[EXERCISE INPUT — start]
definition coords_scale :: "'k::field \<Rightarrow> 'k bb2_coords \<Rightarrow> 'k bb2_coords" where
  "coords_scale a v = \<lparr>c1 = a * c1 v, cX = a * cX v, cY = a * cY v, cXY = a * cXY v,
     cYX = a * cYX v, cXYX = a * cXYX v, cYXY = a * cYXY v, cXYXY = a * cXYXY v,
     ce = a * ce v, cYe = a * cYe v, ceY = a * ceY v, cYeY = a * cYeY v\<rparr>"

definition coords_one :: "'k::field bb2_coords" where
  "coords_one = \<lparr>c1 = 1, cX = 0, cY = 0, cXY = 0, cYX = 0, cXYX = 0, cYXY = 0, cXYXY = 0,
     ce = 0, cYe = 0, ceY = 0, cYeY = 0\<rparr>"

locale bb2_algebra = central_scalars \<phi> for \<phi> :: "'k::field \<Rightarrow> 'a::ring_1" +
  fixes X Y e :: 'a and \<delta> q q0 q1 lam x A :: 'k
  assumes delta_def: "\<delta> = q - q0" and q0_q: "q0 * q = 1"
    and delta_nz: "\<delta> \<noteq> 0" and lam_nz: "lam \<noteq> 0"
    and X_e: "X * e = \<phi> lam * e" and e_X: "e * X = \<phi> lam * e"
    and e_e: "e * e = \<phi> x * e"
    and X_X: "X * X = 1 + \<phi> \<delta> * X - \<phi> (\<delta> * lam) * e"
    and braid: "X * Y * X * Y = Y * X * Y * X"
    and Y_Y: "Y * Y = \<phi> q1 * Y + \<phi> q0"
    and Y_X_Y_e: "Y * X * Y * e = e"
    and e_Y_e: "e * Y * e = \<phi> A * e"
begin

lemmas generators_phi_commute =
  mult_phi_left[of X] mult_phi_left[of Y] mult_phi_left[of e]
  phi_central[of _ X, symmetric] phi_central[of _ Y, symmetric] phi_central[of _ e, symmetric]

lemma Y_inverse: "\<phi> q * (Y - \<phi> q1) * Y = 1" "Y * (\<phi> q * (Y - \<phi> q1)) = 1"
proof -
  have "(Y - \<phi> q1) * Y = \<phi> q0" "Y * (Y - \<phi> q1) = \<phi> q0"
    using Y_Y phi_central[of q1 Y] by (simp_all add: algebra_simps)
  then show "\<phi> q * (Y - \<phi> q1) * Y = 1" "Y * (\<phi> q * (Y - \<phi> q1)) = 1"
    using q0_q by (simp_all add: mult.assoc mult_phi_left phi_mult[symmetric] phi_one mult.commute)
qed

lemma X_Y_e: "X * Y * e = \<phi> q * (Y * e) - \<phi> (q * q1) * e"
proof -
  have "X * Y * e = \<phi> q * (Y - \<phi> q1) * (Y * X * Y * e)"
    using Y_inverse(1) by (metis mult.assoc mult_1_left)
  then show ?thesis
    by (simp add: Y_X_Y_e[unfolded mult.assoc] algebra_simps phi_mult)
qed

lemma e_Y_X_Y: "e * Y * X * Y = e"
proof -
  have "Y * X * Y * (X * X) = Y * X * Y + \<phi> \<delta> * (X * Y * X * Y) - \<phi> (\<delta> * lam) * e"
    unfolding X_X using Y_X_Y_e braid by (simp add: algebra_simps mult_phi_left)
  moreover have "Y * X * Y * (X * X) = (X * X) * Y * X * Y"
    using braid by (metis mult.assoc)
  moreover have "(X * X) * Y * X * Y
      = Y * X * Y + \<phi> \<delta> * (X * Y * X * Y) - \<phi> (\<delta> * lam) * (e * Y * X * Y)"
    unfolding X_X by (simp add: algebra_simps)
  ultimately have "\<phi> (\<delta> * lam) * (e * Y * X * Y) = \<phi> (\<delta> * lam) * e"
    by simp
  then show ?thesis
    by (rule phi_mult_cancel[rotated]) (simp add: delta_nz lam_nz)
qed

lemma e_Y_X: "e * Y * X = \<phi> q * (e * Y) - \<phi> (q * q1) * e"
proof -
  have "e * Y * X = e * Y * X * Y * (\<phi> q * (Y - \<phi> q1))"
    using Y_inverse(2) by (metis mult.assoc mult_1_right)
  also have "\<dots> = e * (\<phi> q * (Y - \<phi> q1))"
    by (simp only: e_Y_X_Y)
  finally show ?thesis
    by (simp add: algebra_simps generators_phi_commute phi_mult_phi)
qed

lemma word_rewrites:
  shows "X * (X * z) = z + \<phi> \<delta> * (X * z) - \<phi> (\<delta> * lam) * (e * z)"
    and "X * (e * z) = \<phi> lam * (e * z)"
    and "e * (X * z) = \<phi> lam * (e * z)"
    and "e * (e * z) = \<phi> x * (e * z)"
    and "Y * (Y * z) = \<phi> q1 * (Y * z) + \<phi> q0 * z"
    and "Y * (X * (Y * (X * z))) = X * (Y * (X * (Y * z)))"
    and "Y * (X * (Y * (e * z))) = e * z"
    and "e * (Y * (e * z)) = \<phi> A * (e * z)"
    and "X * (Y * (e * z)) = \<phi> q * (Y * (e * z)) - \<phi> (q * q1) * (e * z)"
    and "e * (Y * (X * z)) = \<phi> q * (e * (Y * z)) - \<phi> (q * q1) * (e * z)"
    and "e * (Y * (X * (Y * z))) = e * z"
proof -
  have mult_right: "u = v \<Longrightarrow> u * z = v * z" for u v
    by simp
  show "X * (X * z) = z + \<phi> \<delta> * (X * z) - \<phi> (\<delta> * lam) * (e * z)"
    using mult_right[OF X_X] by (simp add: ring_distribs mult.assoc)
  show "X * (e * z) = \<phi> lam * (e * z)"
    using mult_right[OF X_e] by (simp add: mult.assoc)
  show "e * (X * z) = \<phi> lam * (e * z)"
    using mult_right[OF e_X] by (simp add: mult.assoc)
  show "e * (e * z) = \<phi> x * (e * z)"
    using mult_right[OF e_e] by (simp add: mult.assoc)
  show "Y * (Y * z) = \<phi> q1 * (Y * z) + \<phi> q0 * z"
    using mult_right[OF Y_Y] by (simp add: ring_distribs mult.assoc)
  show "Y * (X * (Y * (X * z))) = X * (Y * (X * (Y * z)))"
    using mult_right[OF braid] by (simp add: mult.assoc)
  show "Y * (X * (Y * (e * z))) = e * z"
    using mult_right[OF Y_X_Y_e] by (simp add: mult.assoc)
  show "e * (Y * (e * z)) = \<phi> A * (e * z)"
    using mult_right[OF e_Y_e] by (simp add: mult.assoc)
  show "X * (Y * (e * z)) = \<phi> q * (Y * (e * z)) - \<phi> (q * q1) * (e * z)"
    using mult_right[OF X_Y_e] by (simp add: ring_distribs mult.assoc)
  show "e * (Y * (X * z)) = \<phi> q * (e * (Y * z)) - \<phi> (q * q1) * (e * z)"
    using mult_right[OF e_Y_X] by (simp add: ring_distribs mult.assoc)
  show "e * (Y * (X * (Y * z))) = e * z"
    using mult_right[OF e_Y_X_Y] by (simp add: mult.assoc)
qed

lemmas word_rewrites_1 = word_rewrites[where z = 1, unfolded mult_1_right]

lemma A_relation: "\<phi> (q1 + q * q1 * lam - \<delta> * lam * A) * e = 0"
proof -
  have expand_XX: "e * Y * (X * X)
      = e * Y + \<phi> \<delta> * (\<phi> q * (e * Y) - \<phi> (q * q1) * e) - \<phi> (\<delta> * lam) * (\<phi> A * e)"
    unfolding X_X by (simp add: ring_distribs mult.assoc word_rewrites_1 generators_phi_commute)
  have expand_eYX: "e * Y * X * X
      = \<phi> q * (\<phi> q * (e * Y) - \<phi> (q * q1) * e) - \<phi> (q * q1) * (\<phi> lam * e)"
    unfolding e_Y_X by (simp add: ring_distribs mult.assoc word_rewrites_1 generators_phi_commute)
  have "\<phi> (q1 + q * q1 * lam - \<delta> * lam * A) * e
      = \<phi> (1 + \<delta> * q - q * q) * (e * Y)
        + \<phi> (q * q * q1 - \<delta> * q * q1 - \<delta> * lam * A + q * q1 * lam) * e"
    using q0_q by (simp add: delta_def algebra_simps)
  also have "\<dots> = e * Y * (X * X) - e * Y * X * X"
    unfolding expand_XX expand_eYX
    by (simp add: algebra_simps phi_add phi_diff phi_one phi_mult_phi)
  finally show ?thesis
    by (simp add: mult.assoc)
qed

text \<open>The words containing e carry an extra factor \<open>\<delta>\<close>: then the coordinates of R are
  polynomial in the parameters, and x and A only enter through \<open>\<delta> x\<close> and \<open>\<delta> A\<close>.\<close>

definition coords_eval :: "'k bb2_coords \<Rightarrow> 'a" where
  "coords_eval v = \<phi> (c1 v) + \<phi> (cX v) * X + \<phi> (cY v) * Y + \<phi> (cXY v) * (X * Y)
     + \<phi> (cYX v) * (Y * X) + \<phi> (cXYX v) * (X * (Y * X)) + \<phi> (cYXY v) * (Y * (X * Y))
     + \<phi> (cXYXY v) * (X * (Y * (X * Y))) + \<phi> (\<delta> * ce v) * e + \<phi> (\<delta> * cYe v) * (Y * e)
     + \<phi> (\<delta> * ceY v) * (e * Y) + \<phi> (\<delta> * cYeY v) * (Y * (e * Y))"

definition X_mult :: "'k bb2_coords \<Rightarrow> 'k bb2_coords" where
  "X_mult v = \<lparr>c1 = cX v, cX = c1 v + \<delta> * cX v, cY = cXY v, cXY = cY v + \<delta> * cXY v,
     cYX = cXYX v, cXYX = cYX v + \<delta> * cXYX v, cYXY = cXYXY v, cXYXY = cYXY v + \<delta> * cXYXY v,
     ce = lam * ce v - q * q1 * cYe v - lam * (cX v + cXYXY v) + lam * q * q1 * cXYX v,
     cYe = q * cYe v,
     ceY = lam * ceY v - q * q1 * cYeY v - lam * cXY v - lam * q * cXYX v,
     cYeY = q * cYeY v\<rparr>"

definition Y_mult :: "'k bb2_coords \<Rightarrow> 'k bb2_coords" where
  "Y_mult v = \<lparr>c1 = q0 * cY v, cX = q0 * cYX v, cY = c1 v + q1 * cY v, cXY = q0 * cYXY v,
     cYX = cX v + q1 * cYX v, cXYX = q0 * cXYXY v, cYXY = cXY v + q1 * cYXY v,
     cXYXY = cXYX v + q1 * cXYXY v, ce = q0 * cYe v, cYe = ce v + q1 * cYe v,
     ceY = q0 * cYeY v, cYeY = ceY v + q1 * cYeY v\<rparr>"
[EXERCISE INPUT — finish]
ACTIVITY
Filter the listing above so that only lines holding the word "also" remain, and report those lines.

RESPONSE
  also have "\<dots> = e * (\<phi> q * (Y - \<phi> q1))"
  also have "\<dots> = e * Y * (X * X) - e * Y * X * X"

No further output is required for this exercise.